# How to keep dog from digging into sofa?



## Harleysmom (Jan 26, 2005)

I really don't want to spray anything like Bitter Apple on the sofa.....any suggestion on to getting the dog to just stop it?


----------



## littlepeanut (Dec 5, 2004)

Hmm... I don't really have any suggestions, but when Peanut digs in the sofa it's because he dropped a treat or a chew bone between the cushions and can't get it out himself.

Maybe you could give Harley a chew toy when he's on the couch to keep him occupied?


----------



## Brinkley & Neyland's Mom (Jun 14, 2004)

Brinkley does this when he is trying to "bury" a greenie, pig ear, or treat bone.







When he starts this, I get a blanket down and put it on the floor and put him down there. Then he buries it in the blanket.


----------



## Tyler's Sis (Feb 27, 2005)

Thank you for posting this! Tyler always does it in the middle of my bed!


----------



## puppylucy (Jan 8, 2005)

lucy does that when she gets really hyper.. i think its cute







so i guess thats not much of a help. sorry.


----------



## k/c mom (Oct 9, 2004)

Kallie is a big digger.... just about every night she digs at the bed. Unfortunately she has dug on my leather chair and there are all sorts of nail marks on it.

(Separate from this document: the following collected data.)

(* Let $\Phi$ be a real $N \times d$ matrix satisfying the Restricted Isometry Condition with parameters $(2n, \varepsilon)$ for $\varepsilon = 0.03/\sqrt{\log n}$. Let $v \neq 0$ be an $n$-sparse vector in $\mathbb{R}^d$ and $x = \Phi v$. Then at any iteration of ROMP run on input $x$ and sparsity level $n$, after the regularization step, the newly selected set $J_0$ satisfies $J_0 \neq \emptyset$, $J_0 \cap I = \emptyset$ (where $I$ is the index set at the start of that iteration), and $$|J_0 \cap \mathrm{supp}(v)| \ge \tfrac{1}{2}|J_0|.$$
   Context: A vector $v \in \mathbb{R}^d$ is $n$-sparse if $|\mathrm{supp}(v)| \le n$. A matrix $\Phi$ satisfies the Restricted Isometry Condition with parameters $(m,\varepsilon)$, $\varepsilon\in(0,1)$, if $(1-\varepsilon)\|w\|_2 \le \|\Phi w\|_2 \le (1+\varepsilon)\|w\|_2$ for all $m$-sparse $w$. For a vector $y$, $y|_T$ denotes its restriction to the coordinates in $T$. ROMP with input $x \in \mathbb{R}^N$ and sparsity level $n$: Initialize $I = \emptyset$, $r = x$. Repeat until $r = 0$: (Identify) let $u = \Phi^* r$ and choose a set $J$ of the $n$ biggest coordinates of $u$ in magnitude, or all nonzero coordinates of $u$, whichever set is smaller; (Regularize) among all subsets $J_0 \subset J$ with $|u(i)| \le 2|u(j)|$ for all $i,j\in J_0$, choose one maximizing $\|u|_{J_0}\|_2$; (Update) $I \leftarrow I \cup J_0$, $y = \operatorname{argmin}_{z \in \mathbb{R}^I}\|x - \Phi z\|_2$, $r = x - \Phi y$. Output $I$. *)

theory Defs
  imports "HOL-Analysis.Analysis"
begin

text \<open>Vectors in R^d are modelled as real^'d, an N x d matrix as real^'d^'N.\<close>

definition supp :: "real^'d \<Rightarrow> 'd set" where
  "supp w = {i. w $ i \<noteq> 0}"

definition sparse :: "nat \<Rightarrow> real^'d \<Rightarrow> bool" where
  "sparse m w \<longleftrightarrow> card (supp w) \<le> m"

definition RIC :: "real^'d^'N \<Rightarrow> nat \<Rightarrow> real \<Rightarrow> bool" where
  "RIC \<Phi> m \<epsilon> \<longleftrightarrow> 0 < \<epsilon> \<and> \<epsilon> < 1 \<and>
     (\<forall>w. sparse m w \<longrightarrow>
        (1 - \<epsilon>) * norm w \<le> norm (\<Phi> *v w) \<and> norm (\<Phi> *v w) \<le> (1 + \<epsilon>) * norm w)"

definition restrict_vec :: "real^'d \<Rightarrow> 'd set \<Rightarrow> real^'d" where
  "restrict_vec y T = (\<chi> i. if i \<in> T then y $ i else 0)"

definition romp_identify :: "real^'d \<Rightarrow> nat \<Rightarrow> 'd set \<Rightarrow> bool" where
  "romp_identify u n J \<longleftrightarrow>
     (if card (supp u) \<le> n then J = supp u
      else card J = n \<and> (\<forall>i\<in>J. \<forall>j. j \<notin> J \<longrightarrow> \<bar>u $ j\<bar> \<le> \<bar>u $ i\<bar>))"

definition comparable_set :: "real^'d \<Rightarrow> 'd set \<Rightarrow> bool" where
  "comparable_set u J0 \<longleftrightarrow> (\<forall>i\<in>J0. \<forall>j\<in>J0. \<bar>u $ i\<bar> \<le> 2 * \<bar>u $ j\<bar>)"

definition romp_regularize :: "real^'d \<Rightarrow> 'd set \<Rightarrow> 'd set \<Rightarrow> bool" where
  "romp_regularize u J J0 \<longleftrightarrow> J0 \<subseteq> J \<and> comparable_set u J0 \<and>
     (\<forall>K. K \<subseteq> J \<and> comparable_set u K \<longrightarrow>
        norm (restrict_vec u K) \<le> norm (restrict_vec u J0))"

definition ls_solution :: "real^'d^'N \<Rightarrow> real^'N \<Rightarrow> 'd set \<Rightarrow> real^'d \<Rightarrow> bool" where
  "ls_solution \<Phi> x I y \<longleftrightarrow> supp y \<subseteq> I \<and>
     (\<forall>z. supp z \<subseteq> I \<longrightarrow> norm (x - \<Phi> *v y) \<le> norm (x - \<Phi> *v z))"

text \<open>States (I, r) reachable at the start of some iteration of ROMP on input x
  with sparsity level n (all admissible tie-breaking choices allowed).\<close>
inductive romp_state :: "real^'d^'N \<Rightarrow> real^'N \<Rightarrow> nat \<Rightarrow> 'd set \<Rightarrow> real^'N \<Rightarrow> bool"
  for \<Phi> x n where
  init: "romp_state \<Phi> x n {} x"
| step: "\<lbrakk> romp_state \<Phi> x n I r; r \<noteq> 0;
           romp_identify (transpose \<Phi> *v r) n J;
           romp_regularize (transpose \<Phi> *v r) J J0;
           ls_solution \<Phi> x (I \<union> J0) y \<rbrakk>
         \<Longrightarrow> romp_state \<Phi> x n (I \<union> J0) (x - \<Phi> *v y)"

end

theory Submission
  imports Defs
begin

text \<open>
  Let \<open>y\<close> be the least squares solution on \<open>I\<close>, so that the residual is \<open>r = \<Phi> w\<close> with
  \<open>w = v - y\<close> supported on \<open>supp v \<union> I\<close>. Inductively at least half of \<open>I\<close> lies in \<open>supp v\<close>, so this
  set has at most \<open>2n\<close> elements and the RIC applies to \<open>w\<close>. The correlation \<open>u = \<Phi>\<^sup>* r\<close> vanishes
  on \<open>I\<close> and, by the RIC, has energy at least \<open>(1 - \<epsilon>)\<^sup>4 \<parallel>w\<parallel>\<^sup>2\<close> on \<open>supp v - I\<close>; Identify keeps this
  energy in \<open>J\<close>, and splitting \<open>J\<close> into dyadic layers of comparable coordinates shows that Regularize
  keeps a fraction \<open>1/O(log n)\<close> of it in \<open>J\<^sub>0\<close>. So \<open>J\<^sub>0\<close> carries positive energy, hence is nonempty
  and avoids \<open>I\<close>. If more than half of \<open>J\<^sub>0\<close> lay outside \<open>supp v\<close>, comparability would put a fifth of
  its energy on a set \<open>K\<close> disjoint from \<open>supp v \<union> I\<close>, where the near orthogonality of disjointly
  supported vectors under \<open>\<Phi>\<close> bounds it by \<open>16 \<epsilon>\<^sup>2 \<parallel>w\<parallel>\<^sup>2\<close>; for \<open>\<epsilon> = 0.03 / \<surd>log n\<close> the two bounds
  are incompatible.
\<close>

definition energy :: "real^'d \<Rightarrow> 'd set \<Rightarrow> real" where
  "energy u T = (\<Sum>i\<in>T. (u$i)^2)"

lemma energy_nonneg: "0 \<le> energy u T"
  unfolding energy_def by (simp add: sum_nonneg)

lemma energy_mono: "T \<subseteq> T' \<Longrightarrow> energy u T \<le> energy u T'"
  unfolding energy_def by (rule sum_mono2) auto

lemma energy_Un_disjoint: "T \<inter> T' = {} \<Longrightarrow> energy u (T \<union> T') = energy u T + energy u T'"
  unfolding energy_def by (rule sum.union_disjoint) auto

lemma energy_Int_Diff: "energy u T = energy u (T \<inter> S) + energy u (T - S)"
  by (metis Int_Diff_Un Int_Diff_disjoint energy_Un_disjoint)

lemma energy_empty [simp]: "energy u {} = 0"
  by (simp add: energy_def)

lemma energy_UNIV: "energy u UNIV = (norm u)^2"
  unfolding energy_def power2_norm_eq_inner inner_vec_def by (simp add: power2_eq_square)

lemma energy_pos_imp_nonzero: "0 < energy u T \<Longrightarrow> \<exists>i\<in>T. u$i \<noteq> 0"
  unfolding energy_def by (metis (mono_tags, lifting) power_zero_numeral sum.neutral less_irrefl)

lemma supp_restrict_vec: "supp (restrict_vec u T) \<subseteq> T"
  unfolding supp_def restrict_vec_def by auto

lemma inner_restrict_vec: "supp z \<subseteq> T \<Longrightarrow> restrict_vec u T \<bullet> z = u \<bullet> z"
  unfolding inner_vec_def restrict_vec_def supp_def by (intro sum.cong) auto

lemma power2_norm_restrict_vec: "(norm (restrict_vec u T))^2 = energy u T"
proof -
  have "(norm (restrict_vec u T))^2 = energy (restrict_vec u T) UNIV"
    by (simp add: energy_UNIV)
  also have "\<dots> = energy u T"
    unfolding energy_def restrict_vec_def by (rule sum.mono_neutral_cong_right) auto
  finally show ?thesis .
qed

lemma inner_restrict_vec_self: "u \<bullet> restrict_vec u T = energy u T"
  by (metis power2_norm_restrict_vec power2_norm_eq_inner inner_restrict_vec supp_restrict_vec)

lemma norm_restrict_vec_le: "norm (restrict_vec u T) \<le> norm u"
proof -
  have "(norm (restrict_vec u T))^2 \<le> (norm u)^2"
    using energy_mono[of T UNIV u] by (simp add: power2_norm_restrict_vec energy_UNIV)
  then show ?thesis by (rule power2_le_imp_le) simp
qed

lemma energy_le_if_dominated:
  fixes u :: "real^'d"
  assumes "card A \<le> card B" and "0 \<le> c"
    and dom: "\<And>i j. i \<in> A \<Longrightarrow> j \<in> B \<Longrightarrow> (u$i)^2 \<le> c * (u$j)^2"
  shows "energy u A \<le> c * energy u B"
proof (cases "B = {}")
  case True
  with \<open>card A \<le> card B\<close> show ?thesis by (simp add: energy_def)
next
  case False
  have "real (card B) * energy u A = (\<Sum>i\<in>A. \<Sum>j\<in>B. (u$i)^2)"
    unfolding energy_def by (simp add: sum_distrib_left mult.commute)
  also have "\<dots> \<le> (\<Sum>i\<in>A. \<Sum>j\<in>B. c * (u$j)^2)"
    by (intro sum_mono dom)
  also have "\<dots> = real (card A) * (c * energy u B)"
    unfolding energy_def by (simp add: sum_distrib_left)
  also have "\<dots> \<le> real (card B) * (c * energy u B)"
    using assms by (intro mult_right_mono mult_nonneg_nonneg energy_nonneg) auto
  finally show ?thesis
    using False by (simp add: card_gt_0_iff)
qed

lemma supp_add_subset: "supp (a + b) \<subseteq> supp a \<union> supp b"
  unfolding supp_def by auto

lemma supp_diff_subset: "supp (a - b) \<subseteq> supp a \<union> supp b"
  unfolding supp_def by auto

lemma supp_scaleR_subset: "supp (c *\<^sub>R a) \<subseteq> supp a"
  unfolding supp_def by auto

lemma inner_eq_0_if_disjoint_supp:
  "supp a \<inter> supp b = {} \<Longrightarrow> a \<bullet> b = 0"
  unfolding inner_vec_def supp_def by (intro sum.neutral) auto

lemma transpose_mult_inner:
  fixes A :: "real^'n^'m"
  shows "(transpose A *v r) \<bullet> z = r \<bullet> (A *v z)"
  by (simp add: dot_lmul_matrix)

lemma RIC_epsilon_bounds: "RIC \<Phi> m \<epsilon> \<Longrightarrow> 0 < \<epsilon> \<and> \<epsilon> < 1"
  unfolding RIC_def by blast

lemma RIC_norm_bounds:
  assumes "RIC \<Phi> m \<epsilon>" "supp w \<subseteq> T" "card T \<le> m"
  shows "(1 - \<epsilon>) * norm w \<le> norm (\<Phi> *v w)" "norm (\<Phi> *v w) \<le> (1 + \<epsilon>) * norm w"
proof -
  have "sparse m w"
    using card_mono[OF _ assms(2)] assms(3) by (simp add: sparse_def)
  thus "(1 - \<epsilon>) * norm w \<le> norm (\<Phi> *v w)" "norm (\<Phi> *v w) \<le> (1 + \<epsilon>) * norm w"
    using assms(1) unfolding RIC_def by blast+
qed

Catcher is not much of a digger at all. 

When Kallie is doing it I just tell her to stop and give her a bone or something and she'll usually comply.


----------



## Brinkley & Neyland's Mom (Jun 14, 2004)

Brinkley occcasionally digs to China on the bed at night...I didn't think about that one..we usually stop that by covering our faces and we play peek-a-boo.


----------



## puppylucy (Jan 8, 2005)

i've been meaning to say this for awhile.. brinkley reminds me sooo much of lucy's papa







i have a picture of him somewhere, i'll have to dig it up. it's crazy :new_Eyecrazy: i'd been trying to figure out what brink reminded me of.. and i was looking at puppy pics and was like DUH! PRINCE! lol wow. i'll stop now.


----------



## Brinkley & Neyland's Mom (Jun 14, 2004)

> _Originally posted by puppylucy_@Mar 31 2005, 10:07 PM
> *i've been meaning to say this for awhile.. brinkley reminds me sooo much of lucy's papa
> 
> 
> ...


[/QUOTE]


Awww..send a pic!!!


----------



## Malteze (Mar 31, 2005)

> _Originally posted by Kallie/Catcher's Mom_@Mar 31 2005, 09:42 PM
> *Kallie is a big digger.... just about every night she digs at the bed. Unfortunately she has dug on my leather chair and there are all sorts of nail marks on it.
> 
> 
> ...


[/QUOTE]

It was really quite simple we gave buddy his own sofa(well loveseat) it has a afgan blanket on it, that he makes into a nest.


----------